My task is to extract certain facts from user-supplied text and return them in a structured format. I’ve written code that uses the assistants api to accomplish this. My code is meant to run in batch-like mode (no end-user interaction). Presently the GPT is not working as well as I’d like, so I’m using the assistants playground to improve accuracy.
My process is: In the assistants playground, I tweak the instructions, enter my input text and examine the model’s response. I’ve tried working with both GPT 3.5 and GPT 4. If I can get this working in GPT 3.5, there’s a significant cost savings.
There is a significant difference between how I interact with GPT 4 vs GPT 3.5 in the assistants playground:
-
Using GPT 4, after I enter the initial user message and receive the initial assistant message, I can have a back-and-forth follow-up interaction with the assistant to ask it about its thinking and point out the mistakes that it made. Then the GPT will realize the mistake and I can ask it how I should change the instructions so that it doesn’t make the same mistake again. If I want to provide new input text, I tell the model “let’s try a new input” and it happily processes it.
-
Using GPT 3.5, the model tries to extract facts from every user message. (whereas GPT 4 tries to extract only from the first user message). So I can’t have a back-and-forth to try to figure out what this model is thinking.

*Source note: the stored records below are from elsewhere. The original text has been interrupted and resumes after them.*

(* Let $p>0$, real numbers $A<B$, and $n\in\mathbb{N}$. Let $\Omega_{[A,B]}=\{x\in\mathbb{R}^n:\ A\le x_1\le x_2\le\dots\le x_n\le B\}$ and for $b\in\mathbb{R}$ let $q_b(x)=\sum_{i=1}^n\mathrm{ReLU}(x_i-b)$. Then for all $x,y\in\Omega_{[A,B]}$, $$\mathbb{E}_{b\sim U[A,B]}\,|q_b(x)-q_b(y)|^p\ \ge\ \frac{1}{8n(B-A)4^p}\,\|x-y\|_\infty^{p+1}.$$
   Context: $U[A,B]$ denotes the uniform distribution on the interval $[A,B]$. *)

theory Defs
  imports "HOL-Probability.Probability"
begin

definition ReLU :: "real \<Rightarrow> real" where
  "ReLU t = max t 0"

text \<open>Vectors in R^n are represented as functions nat => real, using indices 1..n.\<close>

definition qb :: "nat \<Rightarrow> real \<Rightarrow> (nat \<Rightarrow> real) \<Rightarrow> real" where
  "qb n b x = (\<Sum>i=1..n. ReLU (x i - b))"

definition Omega :: "nat \<Rightarrow> real \<Rightarrow> real \<Rightarrow> (nat \<Rightarrow> real) set" where
  "Omega n A B = {x. A \<le> x 1 \<and> (\<forall>i. 1 \<le> i \<and> i < n \<longrightarrow> x i \<le> x (i+1)) \<and> x n \<le> B}"

definition linf_norm :: "nat \<Rightarrow> (nat \<Rightarrow> real) \<Rightarrow> real" where
  "linf_norm n z = Max ((\<lambda>i. \<bar>z i\<bar>) ` {1..n})"

end

theory Submission imports Defs begin

text \<open>For every coordinate k the gap g(b) = q_b(x) - q_b(y) drops at least at unit speed while
  b runs through the segment between y_k and x_k, because every summand of g is monotone there
  (the vectors are sorted) and the k-th one drops at exactly unit speed. Hence on one side of the
  midpoint of the segment |g| stays above a quarter of its length d = |x_k - y_k| on an interval
  of length d/4, which contributes (d/4)^p (d/4) / (B - A) to the expectation; choosing k with
  d = \<parallel>x - y\<parallel>_\<infinity> gives the bound, even without the factor 1/(2n).\<close>

lemma uniform_measure_integral_ge_subinterval:
  fixes F :: "real \<Rightarrow> real"
  assumes "A < B" and "A \<le> u" "u \<le> v" "v \<le> B" and "0 \<le> c"
    and F_ge: "\<And>b. b \<in> {u..v} \<Longrightarrow> c \<le> F b"
    and F_nonneg: "\<And>b. 0 \<le> F b" and F_bounded: "\<And>b. F b \<le> K"
    and F_meas: "F \<in> borel_measurable borel"
  shows "c * (v - u) / (B - A) \<le> (\<integral>b. F b \<partial>uniform_measure lborel {A..B})"
proof -
  let ?M = "uniform_measure lborel {A..B}"
  interpret prob_space ?M
    by (rule prob_space_uniform_measure) (use \<open>A < B\<close> in auto)
  have "integrable ?M (\<lambda>b. c * indicator {u..v} b)"
    by (auto intro!: integrable_const_bound[where B = 1] split: split_indicator)
  moreover have "integrable ?M F"
    using F_meas by (intro integrable_const_bound[where B = K])
      (auto simp: F_nonneg F_bounded measurable_def)
  ultimately have "(\<integral>b. c * indicator {u..v} b \<partial>?M) \<le> (\<integral>b. F b \<partial>?M)"
    by (rule integral_mono) (use F_ge F_nonneg in \<open>auto split: split_indicator\<close>)
  moreover have "measure ?M {u..v} = (v - u) / (B - A)"
    using assms(1-4) by (subst measure_uniform_measure) (auto simp: Int_absorb1)
  ultimately show ?thesis
    by simp
qed

lemma exists_subinterval_abs_ge:
  fixes g :: "real \<Rightarrow> real"
  assumes "s \<le> t"
    and drop: "\<And>a b. s \<le> a \<Longrightarrow> a \<le> b \<Longrightarrow> b \<le> t \<Longrightarrow> b - a \<le> g a - g b"
  obtains u v where "s \<le> u" "u \<le> v" "v \<le> t" "v - u = (t - s) / 4"
    and "\<And>b. b \<in> {u..v} \<Longrightarrow> (t - s) / 4 \<le> \<bar>g b\<bar>"
proof -
  define m where "m = (s + t) / 2"
  define d where "d = (t - s) / 4"
  have "s \<le> m - d" "m - d \<le> m" "m \<le> m + d" "m + d \<le> t" "(m + d) - m = d"
    using \<open>s \<le> t\<close> by (auto simp: m_def d_def field_simps)
  show thesis
  proof (cases "g m \<le> 0")
    case True
    have "d \<le> \<bar>g b\<bar>" if "b \<in> {m + d..t}" for b
      using drop[of m b] that True \<open>m - d \<le> m\<close> \<open>s \<le> m - d\<close> by auto
    then show thesis
      using that[of "m + d" t] \<open>s \<le> m - d\<close> \<open>m - d \<le> m\<close> \<open>m \<le> m + d\<close> \<open>m + d \<le> t\<close>
      by (simp add: m_def d_def field_simps)
  next
    case False
    have "d \<le> \<bar>g b\<bar>" if "b \<in> {s..m - d}" for b
      using drop[of b m] that False \<open>m \<le> m + d\<close> \<open>m + d \<le> t\<close> by auto
    then show thesis
      using that[of s "m - d"] \<open>s \<le> m - d\<close> \<open>m - d \<le> m\<close> \<open>m \<le> m + d\<close> \<open>m + d \<le> t\<close>
      by (simp add: m_def d_def field_simps)
  qed
qed

lemma Omega_mono:
  assumes "x \<in> Omega n A B" "1 \<le> i" "i \<le> j" "j \<le> n"
  shows "x i \<le> x j"
  using assms(3,4)
proof (induction j rule: dec_induct)
  case (step m)
  then have "x m \<le> x (m + 1)"
    using assms(1,2) by (auto simp: Omega_def)
  with step show ?case
    by simp
qed simp

lemma Omega_bounds:
  assumes "x \<in> Omega n A B" "1 \<le> k" "k \<le> n"
  shows "A \<le> x k" "x k \<le> B"
  using Omega_mono[OF assms(1), of 1 k] Omega_mono[OF assms(1), of k n] assms
  by (auto simp: Omega_def)

lemma qb_gap_drop:
  assumes x: "x \<in> Omega n A B" and y: "y \<in> Omega n A B" and "1 \<le> k" "k \<le> n"
    and "y k \<le> a" "a \<le> b" "b \<le> x k"
  shows "b - a \<le> (qb n a x - qb n a y) - (qb n b x - qb n b y)"
proof -
  define h where
    "h i = (ReLU (x i - a) - ReLU (x i - b)) - (ReLU (y i - a) - ReLU (y i - b))" for i
  have h_nonneg: "0 \<le> h i" if "i \<in> {1..n}" for i
  proof (cases "k \<le> i")
    case True
    then have "x k \<le> x i"
      using Omega_mono[OF x] \<open>1 \<le> k\<close> that by auto
    then show ?thesis
      using assms(5-7) by (simp add: h_def ReLU_def max_def)
  next
    case False
    then have "y i \<le> y k"
      using Omega_mono[OF y] \<open>k \<le> n\<close> that by auto
    then show ?thesis
      using assms(5-7) by (simp add: h_def ReLU_def max_def)
  qed
  have "b - a = h k"
    using assms(5-7) by (simp add: h_def ReLU_def)
  also have "h k \<le> (\<Sum>i=1..n. h i)"
    using h_nonneg assms(3,4) by (intro member_le_sum) auto
  also have "\<dots> = (qb n a x - qb n a y) - (qb n b x - qb n b y)"
    by (simp add: qb_def h_def sum_subtractf)
  finally show ?thesis .
qed

lemma qb_gap_abs_le: "\<bar>qb n b x - qb n b y\<bar> \<le> (\<Sum>i=1..n. \<bar>x i - y i\<bar>)"
proof -
  have "\<bar>qb n b x - qb n b y\<bar> = \<bar>\<Sum>i=1..n. ReLU (x i - b) - ReLU (y i - b)\<bar>"
    by (simp add: qb_def sum_subtractf)
  also have "\<dots> \<le> (\<Sum>i=1..n. \<bar>ReLU (x i - b) - ReLU (y i - b)\<bar>)"
    by (rule sum_abs)
  also have "\<dots> \<le> (\<Sum>i=1..n. \<bar>x i - y i\<bar>)"
    by (rule sum_mono) (auto simp: ReLU_def max_def)
  finally show ?thesis .
qed

lemma borel_measurable_qb_gap_powr:
  "(\<lambda>b. \<bar>qb n b x - qb n b y\<bar> powr p) \<in> borel_measurable borel"
  unfolding qb_def ReLU_def by measurable

lemma integral_qb_gap_powr_ge_coordinate:
  assumes x: "x \<in> Omega n A B" and y: "y \<in> Omega n A B" and k: "1 \<le> k" "k \<le> n"
    and "y k \<le> x k" and "A < B" and "0 < p"
  shows "((x k - y k) / 4) powr p * ((x k - y k) / 4) / (B - A)
           \<le> (\<integral>b. \<bar>qb n b x - qb n b y\<bar> powr p \<partial>uniform_measure lborel {A..B})"
proof -
  let ?d = "(x k - y k) / 4"
  obtain u v where uv: "y k \<le> u" "u \<le> v" "v \<le> x k" "v - u = ?d"
    and gap: "\<And>b. b \<in> {u..v} \<Longrightarrow> ?d \<le> \<bar>qb n b x - qb n b y\<bar>"
    using exists_subinterval_abs_ge[of "y k" "x k" "\<lambda>b. qb n b x - qb n b y"]
      qb_gap_drop[OF x y k] \<open>y k \<le> x k\<close> by blast
  have "?d powr p * (v - u) / (B - A)
          \<le> (\<integral>b. \<bar>qb n b x - qb n b y\<bar> powr p \<partial>uniform_measure lborel {A..B})"
  proof (rule uniform_measure_integral_ge_subinterval
      [where K = "(\<Sum>i=1..n. \<bar>x i - y i\<bar>) powr p"])
    show "A \<le> u" "v \<le> B"
      using uv Omega_bounds[OF x k] Omega_bounds[OF y k] by auto
    show "?d powr p \<le> \<bar>qb n b x - qb n b y\<bar> powr p" if "b \<in> {u..v}" for b
      using gap[OF that] \<open>y k \<le> x k\<close> \<open>0 < p\<close> by (auto intro!: powr_mono2)
    show "\<bar>qb n b x - qb n b y\<bar> powr p \<le> (\<Sum>i=1..n. \<bar>x i - y i\<bar>) powr p" for b
      using qb_gap_abs_le \<open>0 < p\<close> by (auto intro!: powr_mono2)
  qed (use uv \<open>A < B\<close> in \<open>auto simp: borel_measurable_qb_gap_powr\<close>)
  then show ?thesis
    using uv by simp
qed

lemma quarter_powr_bound_dominates:
  fixes e p A B :: real and n :: nat
  assumes "0 \<le> e" and "1 \<le> n" and "A < B"
  shows "1 / (8 * real n * (B - A) * 4 powr p) * e powr (p + 1)
           \<le> (e / 4) powr p * (e / 4) / (B - A)"
proof -
  have "1 / (8 * real n * (B - A) * 4 powr p) * e powr (p + 1)
          = e powr p * e / (8 * real n * 4 powr p * (B - A))"
    using \<open>0 \<le> e\<close> by (cases "e = 0") (auto simp: powr_add ac_simps)
  also have "\<dots> \<le> e powr p * e / (4 * 4 powr p * (B - A))"
    using assms by (intro divide_left_mono mult_right_mono mult_pos_pos) auto
  also have "\<dots> = (e / 4) powr p * (e / 4) / (B - A)"
    using \<open>0 \<le> e\<close> by (simp add: powr_divide field_simps)
  finally show ?thesis .
qed

theorem mainTheorem8:
  fixes p A B :: real and n :: nat and x y :: "nat \<Rightarrow> real"
  assumes "p > 0" and "A < B" and "n \<ge> 1"
    and "x \<in> Omega n A B" and "y \<in> Omega n A B"
  shows "(\<integral>b. \<bar>qb n b x - qb n b y\<bar> powr p \<partial>(uniform_measure lborel {A..B}))
           \<ge> 1 / (8 * real n * (B - A) * 4 powr p) * linf_norm n (\<lambda>i. x i - y i) powr (p + 1)"
proof -
  let ?I = "\<lambda>x y. \<integral>b. \<bar>qb n b x - qb n b y\<bar> powr p \<partial>uniform_measure lborel {A..B}"
  obtain k where k: "1 \<le> k" "k \<le> n"
    and norm: "linf_norm n (\<lambda>i. x i - y i) = \<bar>x k - y k\<bar>"
    using Max_in[of "(\<lambda>i. \<bar>x i - y i\<bar>) ` {1..n}"] \<open>n \<ge> 1\<close>
    unfolding linf_norm_def by fastforce
  have "?I x y = ?I y x"
    by (simp add: abs_minus_commute)
  then have "(\<bar>x k - y k\<bar> / 4) powr p * (\<bar>x k - y k\<bar> / 4) / (B - A) \<le> ?I x y"
    using integral_qb_gap_powr_ge_coordinate[OF assms(4,5) k _ assms(2,1)]
      integral_qb_gap_powr_ge_coordinate[OF assms(5,4) k _ assms(2,1)]
    by (cases "y k \<le> x k") auto
  then show ?thesis
    using quarter_powr_bound_dominates[of "\<bar>x k - y k\<bar>" n A B p] assms norm by simp
qed

end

Can someone shed some light on (1) why this behavior is different and (2) whether I can control this behavior and if so (3) how?
My assistant instructions:
You are an assistant that extracts information about events from my input. There can be any number of events in my input. You will extract these fields from each event: description of the event, start time and end time. Your response to my input should contain the event information in structured json output without using markdown code blocks.
When the input contains time zone information after the timestamp, please include it in the output.
When the input contains a pair of timestamps next to each other separated by a dash or minus sign or hyphen, these timestamps are the start time of the event and end time of the event.
When the input contains a pair of timestamps next to each other separated by a pipe symbol or a forward slash character, the first timestamp is the start time and the second timestamp should be ignored.
When the input contains multiple timestamps separated only by spaces, the first timestamp should be treated as the start time and ignore the other timestamps when they aren’t clearly specified to represent a different event or an end time in the text.
My initial user message contents:
I woke up at 6:00 AM EST / 11 AM GMT. I brushed my teeth 6:15 AM EDT - 6:20 AM EDT. At 6:30 AM GMT I started breakfast. The alarm went off at 6:25 AM EDT 9:25 AM PDT. I turned off the oven at 10:00 AM EDT | 3:00 PM GMT.